After locating the line that contains "((graeffe ^^ N) f) i in" in the records below, write out exactly that line and each line after it through the one that contains "ereal (1 - s)", and nothing else.

Records provided Start Marker

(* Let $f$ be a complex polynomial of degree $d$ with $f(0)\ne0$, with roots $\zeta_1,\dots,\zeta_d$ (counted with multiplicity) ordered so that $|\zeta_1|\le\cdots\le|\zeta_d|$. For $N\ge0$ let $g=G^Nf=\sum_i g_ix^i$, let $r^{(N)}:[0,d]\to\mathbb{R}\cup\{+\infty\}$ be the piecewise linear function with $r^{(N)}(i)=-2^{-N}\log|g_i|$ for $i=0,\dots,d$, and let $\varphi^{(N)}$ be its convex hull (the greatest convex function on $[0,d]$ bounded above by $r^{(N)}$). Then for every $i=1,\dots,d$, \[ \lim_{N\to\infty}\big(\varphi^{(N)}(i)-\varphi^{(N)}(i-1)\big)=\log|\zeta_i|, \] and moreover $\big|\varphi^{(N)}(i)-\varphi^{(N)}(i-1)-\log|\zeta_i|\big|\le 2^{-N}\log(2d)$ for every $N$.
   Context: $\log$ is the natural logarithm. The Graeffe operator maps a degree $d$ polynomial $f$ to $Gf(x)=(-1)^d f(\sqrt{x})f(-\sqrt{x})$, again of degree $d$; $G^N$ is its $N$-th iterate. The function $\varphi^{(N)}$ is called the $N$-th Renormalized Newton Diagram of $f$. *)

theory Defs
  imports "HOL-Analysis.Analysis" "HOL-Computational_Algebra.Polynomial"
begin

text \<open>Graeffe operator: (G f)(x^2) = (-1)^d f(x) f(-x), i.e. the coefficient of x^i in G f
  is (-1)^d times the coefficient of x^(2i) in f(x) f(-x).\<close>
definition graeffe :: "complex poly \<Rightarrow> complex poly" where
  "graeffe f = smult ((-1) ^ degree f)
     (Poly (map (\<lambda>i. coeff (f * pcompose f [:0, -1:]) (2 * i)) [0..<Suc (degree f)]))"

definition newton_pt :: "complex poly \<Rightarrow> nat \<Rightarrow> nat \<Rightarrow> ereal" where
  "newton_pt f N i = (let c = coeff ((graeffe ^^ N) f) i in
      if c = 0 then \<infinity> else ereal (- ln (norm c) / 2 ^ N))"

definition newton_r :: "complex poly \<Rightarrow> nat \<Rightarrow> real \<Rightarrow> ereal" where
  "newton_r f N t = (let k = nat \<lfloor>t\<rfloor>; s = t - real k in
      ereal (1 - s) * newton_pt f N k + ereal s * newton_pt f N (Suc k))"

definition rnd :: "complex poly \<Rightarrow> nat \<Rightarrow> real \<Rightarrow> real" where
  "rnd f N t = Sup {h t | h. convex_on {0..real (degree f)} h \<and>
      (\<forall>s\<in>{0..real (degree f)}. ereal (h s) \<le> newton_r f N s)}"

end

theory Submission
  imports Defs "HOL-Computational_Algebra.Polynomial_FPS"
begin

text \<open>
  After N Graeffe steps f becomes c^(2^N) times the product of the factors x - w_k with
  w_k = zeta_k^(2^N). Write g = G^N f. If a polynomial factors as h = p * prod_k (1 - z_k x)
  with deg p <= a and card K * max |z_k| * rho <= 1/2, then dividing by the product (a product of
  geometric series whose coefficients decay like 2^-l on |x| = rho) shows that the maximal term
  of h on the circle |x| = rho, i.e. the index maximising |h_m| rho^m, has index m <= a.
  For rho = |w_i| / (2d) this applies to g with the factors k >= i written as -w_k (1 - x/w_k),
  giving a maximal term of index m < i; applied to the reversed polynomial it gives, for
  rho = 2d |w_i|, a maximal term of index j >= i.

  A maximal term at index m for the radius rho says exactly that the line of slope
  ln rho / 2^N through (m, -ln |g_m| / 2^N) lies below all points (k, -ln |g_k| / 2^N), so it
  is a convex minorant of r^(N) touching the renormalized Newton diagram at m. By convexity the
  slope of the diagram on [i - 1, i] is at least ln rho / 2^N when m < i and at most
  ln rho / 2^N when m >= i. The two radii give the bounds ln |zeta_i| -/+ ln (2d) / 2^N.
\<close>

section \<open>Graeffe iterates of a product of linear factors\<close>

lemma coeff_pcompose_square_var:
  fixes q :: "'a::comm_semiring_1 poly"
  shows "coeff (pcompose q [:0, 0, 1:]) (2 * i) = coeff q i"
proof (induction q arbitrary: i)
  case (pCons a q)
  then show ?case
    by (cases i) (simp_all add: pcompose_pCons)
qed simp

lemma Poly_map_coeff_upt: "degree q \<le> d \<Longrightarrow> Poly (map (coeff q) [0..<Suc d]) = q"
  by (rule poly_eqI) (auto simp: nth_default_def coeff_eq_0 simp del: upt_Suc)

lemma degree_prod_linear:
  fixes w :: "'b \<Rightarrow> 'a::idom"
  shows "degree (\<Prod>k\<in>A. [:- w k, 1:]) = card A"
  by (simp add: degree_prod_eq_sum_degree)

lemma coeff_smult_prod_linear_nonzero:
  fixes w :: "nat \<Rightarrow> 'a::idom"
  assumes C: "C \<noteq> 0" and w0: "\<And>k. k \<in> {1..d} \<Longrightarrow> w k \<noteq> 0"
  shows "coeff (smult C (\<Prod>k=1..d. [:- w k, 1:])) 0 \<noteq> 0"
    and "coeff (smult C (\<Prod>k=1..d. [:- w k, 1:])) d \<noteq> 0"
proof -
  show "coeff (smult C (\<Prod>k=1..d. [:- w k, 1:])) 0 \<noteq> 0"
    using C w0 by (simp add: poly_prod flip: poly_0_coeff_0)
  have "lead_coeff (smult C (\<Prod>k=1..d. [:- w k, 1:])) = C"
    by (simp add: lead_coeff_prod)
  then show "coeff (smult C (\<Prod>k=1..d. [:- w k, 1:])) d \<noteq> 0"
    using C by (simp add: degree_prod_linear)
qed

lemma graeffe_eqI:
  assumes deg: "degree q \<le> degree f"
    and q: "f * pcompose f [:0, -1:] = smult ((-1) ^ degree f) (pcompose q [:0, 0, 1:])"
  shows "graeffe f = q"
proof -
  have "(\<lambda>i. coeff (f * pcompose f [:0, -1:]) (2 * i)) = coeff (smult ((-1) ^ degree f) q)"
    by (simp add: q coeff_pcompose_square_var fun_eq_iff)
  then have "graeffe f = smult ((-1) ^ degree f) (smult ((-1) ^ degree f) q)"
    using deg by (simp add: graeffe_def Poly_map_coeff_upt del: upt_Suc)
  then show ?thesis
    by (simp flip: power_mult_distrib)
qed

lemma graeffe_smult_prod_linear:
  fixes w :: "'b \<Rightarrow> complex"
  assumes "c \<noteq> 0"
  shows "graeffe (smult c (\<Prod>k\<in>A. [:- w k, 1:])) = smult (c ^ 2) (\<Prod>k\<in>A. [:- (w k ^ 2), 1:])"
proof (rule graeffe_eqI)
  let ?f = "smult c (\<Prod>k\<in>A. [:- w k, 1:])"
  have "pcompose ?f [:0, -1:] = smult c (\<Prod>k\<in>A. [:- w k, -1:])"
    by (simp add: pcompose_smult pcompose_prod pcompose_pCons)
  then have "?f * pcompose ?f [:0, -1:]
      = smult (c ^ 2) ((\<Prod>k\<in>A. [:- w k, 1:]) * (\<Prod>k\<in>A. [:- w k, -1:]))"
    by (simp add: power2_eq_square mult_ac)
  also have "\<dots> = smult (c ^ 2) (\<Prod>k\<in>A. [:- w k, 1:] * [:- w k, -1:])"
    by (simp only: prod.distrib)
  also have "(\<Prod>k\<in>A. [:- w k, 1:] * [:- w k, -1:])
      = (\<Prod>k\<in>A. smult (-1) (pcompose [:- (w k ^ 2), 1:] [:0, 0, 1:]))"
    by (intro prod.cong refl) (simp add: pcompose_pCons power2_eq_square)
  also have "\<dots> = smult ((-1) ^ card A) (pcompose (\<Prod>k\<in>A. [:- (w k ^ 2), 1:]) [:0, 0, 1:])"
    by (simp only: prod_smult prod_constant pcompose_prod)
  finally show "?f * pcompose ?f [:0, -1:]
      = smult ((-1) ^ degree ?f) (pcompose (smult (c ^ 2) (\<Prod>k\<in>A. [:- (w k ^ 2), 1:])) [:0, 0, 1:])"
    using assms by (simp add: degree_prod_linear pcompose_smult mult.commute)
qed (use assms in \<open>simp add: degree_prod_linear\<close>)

Records provided End Marker

**Exercise answer:**
  "newton_pt f N i = (let c = coeff ((graeffe ^^ N) f) i in
      if c = 0 then \<infinity> else ereal (- ln (norm c) / 2 ^ N))"

definition newton_r :: "complex poly \<Rightarrow> nat \<Rightarrow> real \<Rightarrow> ereal" where
  "newton_r f N t = (let k = nat \<lfloor>t\<rfloor>; s = t - real k in
      ereal (1 - s) * newton_pt f N k + ereal s * newton_pt f N (Suc k))"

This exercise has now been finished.